He'd graduated from the Imperial Military Academy, though it had been touch and go the last month, with most of his free time spent walking off his myriad sins. He'd won the Martinez award, too, as everyone had predicted. Then, to everyone's shock, Hamilton had finished Ranger School as the Distinguished Honor Graduate. This was no mean feat in a class that size or with competition that fierce. As such, under the regulations, he'd had his choice of branch and chosen Suited Heavy Infantry. He really didn't want to freeze his ass off hunting the northern rebels he still—punishment tours or not—thought of as Canadians.

On the other hand, Hamilton had lost forty pounds in the school, half wrecked his health, and damaged both knees. Fortunately, he'd done non-suited jump school a couple of years prior. Otherwise, he thought, he'd probably not have made it. His knees really were a mess and five hundred deep knee bends followed by a five to seven mile run were not a formula for success.

Fortunately, suits don't jump as a rule. Better, they take a load off my ever-so-fucked up knees.

On its own, the car queried the nearby parking lots and determined that there was a spot reasonably convenient to the building's main entrance. It sent out the signal to claim the spot, then turned left, left again, then right and entered the lot. On its own, it parked, raising the "driver" side door and shutting down the engine. It would secure itself once Hamilton had exited.

Taking only his government issue Mark XVII tactical handheld with him—the thing was light and only seven millimeters by twenty by twenty centimeters, EMP hardened and with holographic screen and virtual keyboard—Hamilton walked as briskly as sore knees would permit from the lot, around the building, and in through the flag-flanked main entrance.

There he was met by a sergeant first class sitting at a desk. The sergeant held out one hand and requested, "Orders, please, sir." Hamilton reached into a breast pocket then withdrew and passed over an identity card. This the sergeant laid down on a gray colored panel. Instantly a scaled down picture of Hamilton appeared above the gray pad, flanked by various copies of orders on one side, and disciplinary and academic records on the other.

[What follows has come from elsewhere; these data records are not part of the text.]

lemma gma_solution_component_pos_persists:
  fixes s :: "real \<Rightarrow> real ^ 'n" and u :: "real \<Rightarrow> real ^ 'r::finite"
  assumes deriv: "\<And>t. T \<le> t \<Longrightarrow> (s has_vector_derivative gma_field v v' (u t) (s t)) (at t)"
    and s_bound: "\<And>t. T \<le> t \<Longrightarrow> s t \<in> nonneg_orthant \<and> (\<forall>k. s t $ k \<le> M)"
    and u_bound: "\<And>t. T \<le> t \<Longrightarrow> \<forall>j. 0 \<le> u t $ j \<and> u t $ j \<le> Ub"
    and "T \<le> a" "a \<le> t" "0 < s a $ i"
  shows "0 < s t $ i"
proof -
  obtain c where c: "\<And>x w. x \<in> nonneg_orthant \<Longrightarrow> (\<And>k. x $ k \<le> M) \<Longrightarrow>
      (\<And>j. 0 \<le> w $ j \<and> w $ j \<le> Ub) \<Longrightarrow> - c * x $ i \<le> gma_field v v' w x $ i"
    using gma_field_component_ge[where M=M and Ub=Ub and i=i and v=v and v'=v'] by blast
  have "exp (- c * (t - a)) * s a $ i \<le> s t $ i"
  proof (rule gronwall_exp_lower_bound[OF \<open>a \<le> t\<close>])
    fix \<tau> assume "a \<le> \<tau>" "\<tau> \<le> t"
    then have "T \<le> \<tau>" using \<open>T \<le> a\<close> by linarith
    show "((\<lambda>t. s t $ i) has_real_derivative gma_field v v' (u \<tau>) (s \<tau>) $ i) (at \<tau>)"
      using deriv[OF \<open>T \<le> \<tau>\<close>] by (rule has_vector_derivative_component)
    show "- c * s \<tau> $ i \<le> gma_field v v' (u \<tau>) (s \<tau>) $ i"
      using s_bound[OF \<open>T \<le> \<tau>\<close>] u_bound[OF \<open>T \<le> \<tau>\<close>] by (blast intro: c)
  qed
  then show ?thesis using \<open>0 < s a $ i\<close> by (meson exp_gt_zero less_le_trans mult_pos_pos)
qed

lemma gma_solution_eventually_boundary_or_positive:
  fixes s :: "real \<Rightarrow> real ^ 'n" and u :: "real \<Rightarrow> real ^ 'r::finite"
  assumes "\<forall>\<^sub>F t in at_top. (s has_vector_derivative gma_field v v' (u t) (s t)) (at t)"
    and "\<forall>\<^sub>F t in at_top. s t \<in> nonneg_orthant" "Bfun s at_top"
    and "\<forall>\<^sub>F t in at_top. u t \<in> nonneg_orthant" "Bfun u at_top"
  shows "(\<forall>\<^sub>F t in at_top. s t \<notin> pos_orthant) \<or> (\<forall>\<^sub>F t in at_top. s t \<in> pos_orthant)"
proof -
  obtain M Ub where M: "\<forall>\<^sub>F t in at_top. norm (s t) \<le> M"
    and Ub: "\<forall>\<^sub>F t in at_top. norm (u t) \<le> Ub"
    using \<open>Bfun s at_top\<close> \<open>Bfun u at_top\<close> by (metis BfunE)
  have "\<forall>\<^sub>F t in at_top.
      (s has_vector_derivative gma_field v v' (u t) (s t)) (at t) \<and> s t \<in> nonneg_orthant \<and>
      norm (s t) \<le> M \<and> u t \<in> nonneg_orthant \<and> norm (u t) \<le> Ub"
    using assms(1,2,4) M Ub by eventually_elim blast
  then obtain T where T: "\<And>t. T \<le> t \<Longrightarrow>
      (s has_vector_derivative gma_field v v' (u t) (s t)) (at t) \<and> s t \<in> nonneg_orthant \<and>
      norm (s t) \<le> M \<and> u t \<in> nonneg_orthant \<and> norm (u t) \<le> Ub"
    by (auto simp: eventually_at_top_linorder)
  have persist: "0 < s t $ i" if "T \<le> a" "a \<le> t" "0 < s a $ i" for a t i
  proof (rule gma_solution_component_pos_persists[where s=s and u=u and T=T and M=M and Ub=Ub])
    show "s \<tau> \<in> nonneg_orthant \<and> (\<forall>k. s \<tau> $ k \<le> M)"
      and "\<forall>j. 0 \<le> u \<tau> $ j \<and> u \<tau> $ j \<le> Ub" if "T \<le> \<tau>" for \<tau>
      using T[OF that] component_le_norm_cart[of "s \<tau>"] component_le_norm_cart[of "u \<tau>"]
      by (auto simp: nonneg_orthant_def intro: order.trans)
  qed (use T that in blast)+
  show ?thesis
  proof (cases "\<exists>a\<ge>T. s a \<in> pos_orthant")
    case True
    then obtain a where "T \<le> a" "s a \<in> pos_orthant" by blast
    then have "\<forall>t\<ge>a. s t \<in> pos_orthant" using persist by (auto simp: pos_orthant_def)
    then show ?thesis unfolding eventually_at_top_linorder by blast
  next
    case False
    then show ?thesis unfolding eventually_at_top_linorder by blast
  qed
qed

lemma ISS_Lyapunov_positive_definite:
  assumes "ISS_Lyapunov v v' U s0 V ubar sbar"
  shows "continuous_on nonneg_orthant V" "V sbar = 0"
    "\<And>x. x \<in> nonneg_orthant \<Longrightarrow> x \<noteq> sbar \<Longrightarrow> 0 < V x"
  using assms unfolding ISS_Lyapunov_def by (elim conjE; blast)+

lemma ISS_Lyapunov_decreaseE:
  assumes "ISS_Lyapunov v v' U s0 V ubar sbar" "compact F" "F \<subseteq> nonneg_orthant"
  obtains DV \<alpha> \<rho> where "\<And>x. x \<in> pos_orthant \<Longrightarrow> (V has_derivative (\<lambda>h. DV x \<bullet> h)) (at x)"
    and "class_K_inf \<alpha>" "class_K_inf \<rho>"
    and "\<And>w x. w \<in> U \<Longrightarrow> x \<in> F \<Longrightarrow> x - s0 \<in> stoich_subspace v v' \<Longrightarrow> x \<in> pos_orthant \<Longrightarrow>
           DV x \<bullet> gma_field v v' w x \<le> - \<alpha> (norm (x - sbar)) + \<rho> (norm (w - ubar))"
proof -
  obtain DV where DV: "\<forall>x\<in>pos_orthant. (V has_derivative (\<lambda>h. DV x \<bullet> h)) (at x)"
    and ISS: "\<forall>F. compact F \<and> F \<subseteq> nonneg_orthant \<longrightarrow> (\<exists>\<alpha> \<rho>. class_K_inf \<alpha> \<and> class_K_inf \<rho> \<and>
           (\<forall>w\<in>U. \<forall>x\<in>F \<inter> {s0 + y | y. y \<in> stoich_subspace v v'} \<inter> pos_orthant.
              DV x \<bullet> gma_field v v' w x \<le> - \<alpha> (norm (x - sbar)) + \<rho> (norm (w - ubar))))"
    using assms(1) unfolding ISS_Lyapunov_def by (elim conjE exE) blast
  obtain \<alpha> \<rho> where "class_K_inf \<alpha>" "class_K_inf \<rho>"
    and decrease: "\<forall>w\<in>U. \<forall>x\<in>F \<inter> {s0 + y | y. y \<in> stoich_subspace v v'} \<inter> pos_orthant.
           DV x \<bullet> gma_field v v' w x \<le> - \<alpha> (norm (x - sbar)) + \<rho> (norm (w - ubar))"
    using ISS[rule_format, OF conjI[OF assms(2,3)]] by blast
  show thesis
  proof (rule that)
    show "(V has_derivative (\<lambda>h. DV x \<bullet> h)) (at x)" if "x \<in> pos_orthant" for x
      using DV that by blast
    fix w x assume "w \<in> U" "x \<in> F" "x - s0 \<in> stoich_subspace v v'" "x \<in> pos_orthant"
    moreover have "x \<in> {s0 + y | y. y \<in> stoich_subspace v v'}"
      using \<open>x - s0 \<in> stoich_subspace v v'\<close> by (intro CollectI exI[of _ "x - s0"]) simp
    ultimately show "DV x \<bullet> gma_field v v' w x \<le> - \<alpha> (norm (x - sbar)) + \<rho> (norm (w - ubar))"
      using decrease by blast
  qed fact+
qed

lemma gma_solution_tendsto_of_eventually_positive:
  fixes s :: "real \<Rightarrow> real ^ 'n" and u :: "real \<Rightarrow> real ^ 'r::finite"
  assumes lyap: "ISS_Lyapunov v v' U s0 V ubar sbar" and "sbar \<in> nonneg_orthant"
    and "bounded (s ` {0..})" "\<forall>t\<ge>0. s t \<in> nonneg_orthant" and "(u \<longlongrightarrow> ubar) at_top"
    and ev: "\<forall>\<^sub>F t in at_top. u t \<in> U \<and> s t \<in> pos_orthant \<and> s t - s0 \<in> stoich_subspace v v' \<and>
               (s has_vector_derivative gma_field v v' (u t) (s t)) (at t)"
  shows "(s \<longlongrightarrow> sbar) at_top"
proof -
  define K where "K = closure (s ` {0..})"
  have "compact K" using \<open>bounded (s ` {0..})\<close> unfolding K_def by simp
  have "K \<subseteq> nonneg_orthant"
    unfolding K_def using assms(4) by (intro closure_minimal[OF _ closed_nonneg_orthant]) auto
  obtain DV \<alpha> \<rho> where DV: "\<And>x. x \<in> pos_orthant \<Longrightarrow> (V has_derivative (\<lambda>h. DV x \<bullet> h)) (at x)"
    and \<alpha>: "class_K_inf \<alpha>" and \<rho>: "class_K_inf \<rho>"
    and decrease: "\<And>w x. w \<in> U \<Longrightarrow> x \<in> K \<Longrightarrow> x - s0 \<in> stoich_subspace v v' \<Longrightarrow> x \<in> pos_orthant \<Longrightarrow>
           DV x \<bullet> gma_field v v' w x \<le> - \<alpha> (norm (x - sbar)) + \<rho> (norm (w - ubar))"
    using ISS_Lyapunov_decreaseE[OF lyap \<open>compact K\<close> \<open>K \<subseteq> nonneg_orthant\<close>] by blast
  have orbit: "s t \<in> K" if "0 \<le> t" for t
    unfolding K_def by (rule closure_subset[THEN subsetD]) (use that in simp)
  show ?thesis
  proof (rule lyapunov_vanishing_perturbation_tendsto[where N=nonneg_orthant and K=K and V=V and \<alpha>=\<alpha>
        and D="\<lambda>t. DV (s t) \<bullet> gma_field v v' (u t) (s t)"])
    show "strict_mono_on {0..} \<alpha>" "\<alpha> 0 = 0" using \<alpha> by (simp_all add: class_K_inf_def)
    show "((\<lambda>t. \<rho> (norm (u t - ubar))) \<longlongrightarrow> 0) at_top"
      using \<rho> \<open>(u \<longlongrightarrow> ubar) at_top\<close> by (rule class_K_inf_tendsto_zero)
    have "\<forall>\<^sub>F t in at_top. (0::real) \<le> t" by (rule eventually_ge_at_top)
    with ev show "\<forall>\<^sub>F t in at_top. s t \<in> K \<and>
        ((\<lambda>t. V (s t)) has_real_derivative DV (s t) \<bullet> gma_field v v' (u t) (s t)) (at t) \<and>
        DV (s t) \<bullet> gma_field v v' (u t) (s t) \<le> - \<alpha> (dist (s t) sbar) + \<rho> (norm (u t - ubar))"
    proof eventually_elim
      case (elim t)
      then have "((\<lambda>t. V (s t)) has_real_derivative DV (s t) \<bullet> gma_field v v' (u t) (s t)) (at t)"
        using DV by (blast intro: has_vector_derivative_gradient_chain)
      with elim show ?case using orbit decrease by (simp add: dist_norm)
    qed
  qed (use \<open>compact K\<close> \<open>K \<subseteq> nonneg_orthant\<close> \<open>sbar \<in> nonneg_orthant\<close>
        ISS_Lyapunov_positive_definite[OF lyap] in blast)+
qed
(* Let $E$ be a finite set of events with timestamps $\tau(e)\in\mathbb{R}$, let $t_w>0$ be real and $n\ge1$ an integer, and let $\mathcal{I}$ be the family of all $T\subseteq E$ with $|\{e\in T:\tau(e)\in[t,t+t_w)\}|\le n$ for every $t\in\mathbb{R}$. Let $Y\subseteq E$ and let $J_{\min}$, $J_{\max}$ be bases of $Y$ of minimum and maximum cardinality, respectively. For $e\in E$ let $\mathrm{ball}(e)=(\tau(e)-t_w,\tau(e)+t_w)$. Define the DeletionStep, taking a pair $(J_{\min},J_{\max})$ with $J_{\min}\neq\emptyset$ to a pair $(J'_{\min},J'_{\max})$: let $b$ be an element of $J_{\min}$ with minimum timestamp and set $J'_{\min}=J_{\min}\setminus\{b\}$; list the elements of $\{a\in J_{\max}:\tau(a)\in\mathrm{ball}(b)\}$ in increasing order of timestamp and let $J'_{\max}$ be $J_{\max}$ with the first two of these removed (or with all of them removed if there are fewer than two). Then the invariant "for every $a\in J_{\max}$ there exists $c\in J_{\min}$ with $\tau(c)\in\mathrm{ball}(a)$" holds for the initial pair $(J_{\min},J_{\max})$, and it also holds (with $J_{\min},J_{\max}$ replaced by the current sets) for the pair obtained after any number of successive iterations of DeletionStep starting from $(J_{\min},J_{\max})$.
   Context: A base of $Y$ is an inclusion-maximal subset $J\subseteq Y$ with $J\in\mathcal{I}$. *)

theory Defs
  imports Complex_Main
begin

definition indep :: "'a set \<Rightarrow> ('a \<Rightarrow> real) \<Rightarrow> real \<Rightarrow> nat \<Rightarrow> 'a set \<Rightarrow> bool" where
  "indep E \<tau> tw n T \<longleftrightarrow> T \<subseteq> E \<and> (\<forall>t::real. card {e \<in> T. \<tau> e \<in> {t..<t + tw}} \<le> n)"

definition is_base :: "'a set \<Rightarrow> ('a \<Rightarrow> real) \<Rightarrow> real \<Rightarrow> nat \<Rightarrow> 'a set \<Rightarrow> 'a set \<Rightarrow> bool" where
  "is_base E \<tau> tw n Y J \<longleftrightarrow> J \<subseteq> Y \<and> indep E \<tau> tw n J \<and>
     (\<forall>J'. J \<subseteq> J' \<and> J' \<subseteq> Y \<and> indep E \<tau> tw n J' \<longrightarrow> J' = J)"

definition ball_ev :: "('a \<Rightarrow> real) \<Rightarrow> real \<Rightarrow> 'a \<Rightarrow> real set" where
  "ball_ev \<tau> tw e = {\<tau> e - tw <..< \<tau> e + tw}"

(* One DeletionStep (as a relation, since ties in timestamps may be broken arbitrarily):
   b is an element of Jmin of minimum timestamp, Jmin' = Jmin - {b};
   A = elements of Jmax with timestamp in ball(b); R = first min(2,|A|) of A in
   increasing timestamp order; Jmax' = Jmax - R. *)
definition deletion_step :: "('a \<Rightarrow> real) \<Rightarrow> real \<Rightarrow> ('a set \<times> 'a set) \<Rightarrow> ('a set \<times> 'a set) \<Rightarrow> bool" where
  "deletion_step \<tau> tw p q \<longleftrightarrow>
     (let Jmin = fst p; Jmax = snd p in
      Jmin \<noteq> {} \<and>
      (\<exists>b \<in> Jmin. (\<forall>c \<in> Jmin. \<tau> b \<le> \<tau> c) \<and>
        (let A = {a \<in> Jmax. \<tau> a \<in> ball_ev \<tau> tw b} in
         \<exists>R \<subseteq> A. card R = min 2 (card A) \<and>
           (\<forall>x \<in> R. \<forall>y \<in> A - R. \<tau> x \<le> \<tau> y) \<and>
           q = (Jmin - {b}, Jmax - R))))"

definition ball_invariant :: "('a \<Rightarrow> real) \<Rightarrow> real \<Rightarrow> 'a set \<Rightarrow> 'a set \<Rightarrow> bool" where
  "ball_invariant \<tau> tw Jmin Jmax \<longleftrightarrow> (\<forall>a \<in> Jmax. \<exists>c \<in> Jmin. \<tau> c \<in> ball_ev \<tau> tw a)"

end

theory Submission
  imports Defs
begin

text \<open>
  The ball invariant follows from a counting invariant, \<open>window_dominated\<close>: every closed
  interval [s, u] contains at most twice as many elements of the current J_max as the open
  interval (s - t_w, u + t_w) contains elements of the current J_min.
  For two bases J, J' it holds by an exchange argument: the earliest element of J' in [s, u]
  outside J is blocked by a window [t, t + t_w) holding n elements of J, J' has at most 2n
  elements in [t, t + 2 t_w), everything of J' before t lies in J, and the part after
  t + 2 t_w is handled recursively.
  A DeletionStep preserves it. Removing the earliest element b of J_min lowers the right-hand
  side by one only for intervals reaching b. If such an interval keeps an element of J_max near
  b, two earlier elements near b were removed as well; otherwise every element of J_max it keeps
  lies at least t_w after b, so the interval can be shrunk to start there, excluding b.
\<close>

definition events_in :: "('a \<Rightarrow> real) \<Rightarrow> 'a set \<Rightarrow> real set \<Rightarrow> 'a set" where
  "events_in \<tau> S I = {a \<in> S. \<tau> a \<in> I}"

lemma finite_events_in [simp]: "finite S \<Longrightarrow> finite (events_in \<tau> S I)"
  by (simp add: events_in_def)

lemma card_events_in_mono:
  "finite S' \<Longrightarrow> S \<subseteq> S' \<Longrightarrow> I \<subseteq> I' \<Longrightarrow> card (events_in \<tau> S I) \<le> card (events_in \<tau> S' I')"
  by (rule card_mono) (auto simp: events_in_def)

lemma events_in_Un: "events_in \<tau> S (I \<union> I') = events_in \<tau> S I \<union> events_in \<tau> S I'"
  by (auto simp: events_in_def)

lemma card_events_in_Un_disjoint:
  assumes "finite S" and "I \<inter> I' = {}"
  shows "card (events_in \<tau> S (I \<union> I')) = card (events_in \<tau> S I) + card (events_in \<tau> S I')"
  unfolding events_in_Un using assms by (intro card_Un_disjoint) (auto simp: events_in_def)

lemma card_events_in_three_windows:
  assumes "finite S" and "tw > 0" and "s - tw < t" and "t \<le> u"
  shows "card (events_in \<tau> S {s..<t}) + card (events_in \<tau> S {t..<t + tw})
      + card (events_in \<tau> S {t + tw<..<u + tw}) \<le> card (events_in \<tau> S {s - tw<..<u + tw})"
proof -
  have "{s..<t} \<inter> {t..<t + tw} = {}" "({s..<t} \<union> {t..<t + tw}) \<inter> {t + tw<..<u + tw} = {}"
    using \<open>tw > 0\<close> by auto
  then have "card (events_in \<tau> S {s..<t}) + card (events_in \<tau> S {t..<t + tw})
      + card (events_in \<tau> S {t + tw<..<u + tw})
      = card (events_in \<tau> S ({s..<t} \<union> {t..<t + tw} \<union> {t + tw<..<u + tw}))"
    using \<open>finite S\<close> by (simp add: card_events_in_Un_disjoint)
  also have "\<dots> \<le> card (events_in \<tau> S {s - tw<..<u + tw})"
    using assms by (intro card_events_in_mono) auto
  finally show ?thesis .
qed

lemma card_events_in_split:
  assumes "finite I" and "finite J" and "events_in \<tau> I {s..<t} \<subseteq> J"
  shows "card (events_in \<tau> I {s..u})
    \<le> card (events_in \<tau> J {s..<t}) + card (events_in \<tau> I {t..<t'}) + card (events_in \<tau> I {t'..u})"
proof -
  have "events_in \<tau> I {s..u} \<subseteq> events_in \<tau> J {s..<t} \<union> events_in \<tau> I {t..<t'} \<union> events_in \<tau> I {t'..u}"
    using assms(3) by (auto simp: events_in_def)
  then have "card (events_in \<tau> I {s..u})
      \<le> card (events_in \<tau> J {s..<t} \<union> events_in \<tau> I {t..<t'} \<union> events_in \<tau> I {t'..u})"
    using assms(1,2) by (intro card_mono) simp_all
  also have "\<dots> \<le> card (events_in \<tau> J {s..<t}) + card (events_in \<tau> I {t..<t'}) + card (events_in \<tau> I {t'..u})"
    by (meson add_right_mono card_Un_le order_trans)
  finally show ?thesis .
qed

lemma indep_card_window: "indep E \<tau> tw n T \<Longrightarrow> card (events_in \<tau> T {t..<t + tw}) \<le> n"
  by (simp add: indep_def events_in_def)

lemma indep_card_double_window:
  assumes "indep E \<tau> tw n T"
  shows "card (events_in \<tau> T {t..<t + 2 * tw}) \<le> 2 * n"
proof -
  have "{t..<t + 2 * tw} = {t..<t + tw} \<union> {t + tw..<(t + tw) + tw}"
    by auto
  then have "card (events_in \<tau> T {t..<t + 2 * tw})
      \<le> card (events_in \<tau> T {t..<t + tw}) + card (events_in \<tau> T {t + tw..<(t + tw) + tw})"
    by (simp add: events_in_Un card_Un_le)
  also have "\<dots> \<le> 2 * n"
    using indep_card_window[OF assms, of t] indep_card_window[OF assms, of "t + tw"] by simp
  finally show ?thesis .
qed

"Ohhh," the sergeant said. "You're the Martinez Award winner. We've heard all about you, sir."

Hamilton sighed. Make DHG out of Ranger School and nobody cares. Set a record for walking the Area and nobody forgets.

"Yeah, that was me, Sergeant."

The sergeant—Hamilton saw that his name was Moore—stood and held out his hand. "Sir, if you don't mind, I'd like to shake your hand. I figure nobody who hasn't got what it takes could piss off that many people and still graduate from the IMA."

Flattered, Hamilton shook Moore's hand, but countered, "It isn't like I pissed all those people off deliberately, Sergeant."

"I know, sir. I'm sure you didn't. But when a man has a talent like yours . . . well . . . that talent is just gonna shine through."

"Computer," Moore said.

"Yes, Sergeant Moore?" the machine answered.

"Log this officer in. Do we have his billet?"

"Lieutenant Hamilton is assigned to Room 217, Olson Hall, Sergeant. It is a single with a private bath and maid service. The room has been notified to admit him. His inprocessing schedule has been downloaded to his Mark XVII, along with the academic schedule for the first two weeks."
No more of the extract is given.